[Activity]
Copy out exactly the lines from the start of the data to the line containing "proof (rule ccontr)". Include both.

[Record excerpts]
theorem proposition8:
  fixes n :: nat and X :: "'a set topology" and U :: "'a set set"
  assumes "n \<ge> 1"
    and "infinite (UNIV :: 'a set)"
    and "topspace X = exp_set n"
    and "shift_continuous n X"
    and "feebly_compact X"
    and "t1_space X"
    and "openin X U" and "{} \<in> U"
  shows "\<exists>F :: 'a set. finite F \<and>
           exp_set n - X closure_of U \<subseteq> (\<Union>x \<in> F. upset n {x})"
proof (rule ccontr)
  note ts = assms(3) and sc = assms(4) and t1 = assms(6)
  let ?W = "exp_set n - X closure_of U"
  assume "\<not> ?thesis"
  obtain A :: "nat \<Rightarrow> 'a set"
    where A: "\<And>k. A k \<in> ?W" and disj: "\<And>j k. j \<noteq> k \<Longrightarrow> A j \<inter> A k = {}"
      and max: "\<And>k B. B \<in> ?W \<Longrightarrow> B \<inter> (\<Union>j<k. A j) = {} \<Longrightarrow> A k \<subseteq> B \<Longrightarrow> B = A k"
  proof (rule exp_set_disjoint_maximal_sequence[of ?W n])
    show "\<not> (\<exists>F. finite F \<and> ?W \<subseteq> (\<Union>x \<in> F. upset n {x}))" by fact
  qed (blast, rule that)
  have outside_U: "A k \<notin> U" for k
    using A[of k] closure_of_subset[OF openin_subset[OF assms(7)]] by blast
  have "inj A"
  proof (rule injI)
    fix j k assume "A j = A k"
    thus "j = k" using disj[of j k] outside_U[of k] assms(8) by (metis Int_absorb)
  qed
  have "openin X ?W" using ts by (metis closedin_closure_of openin_diff openin_topspace)
  have isolated: "openin X {A k}" for k
  proof (rule openin_singleton_maximal_disjoint[OF ts sc t1 assms(1) \<open>openin X ?W\<close>])
    show "finite (\<Union>j<k. A j)" using A by (simp add: exp_set_def)
    show "A k \<inter> (\<Union>j<k. A j) = {}" using disj[of _ k] by (blast dest: less_imp_neq)
  qed (rule A, rule max)
  have "finite (range A)"
  proof (rule feebly_compact_isolated_points_finite[OF assms(5) t1])
    show "range A \<subseteq> topspace X" using A ts by auto
    show "openin X {x}" if "x \<in> range A" for x using that isolated by auto
    have "range A \<subseteq> exp_set n" and "range A \<inter> U = {}" using A outside_U by auto
    moreover have "pairwise disjnt (range A)" by (intro pairwise_imageI) (simp add: disj disjnt_def)
    ultimately show "\<exists>V. openin X V \<and> y \<in> V \<and> finite (V \<inter> range A)" if "y \<in> topspace X" for y
      using pairwise_disjnt_avoiding_nbhd_empty_locally_finite[OF ts sc t1 assms(7,8) _ _ _ that] by blast
  qed
  with \<open>inj A\<close> show False by (simp add: finite_image_iff)
qed

end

[Output for this exercise]
theorem proposition8:
  fixes n :: nat and X :: "'a set topology" and U :: "'a set set"
  assumes "n \<ge> 1"
    and "infinite (UNIV :: 'a set)"
    and "topspace X = exp_set n"
    and "shift_continuous n X"
    and "feebly_compact X"
    and "t1_space X"
    and "openin X U" and "{} \<in> U"
  shows "\<exists>F :: 'a set. finite F \<and>
           exp_set n - X closure_of U \<subseteq> (\<Union>x \<in> F. upset n {x})"
proof (rule ccontr)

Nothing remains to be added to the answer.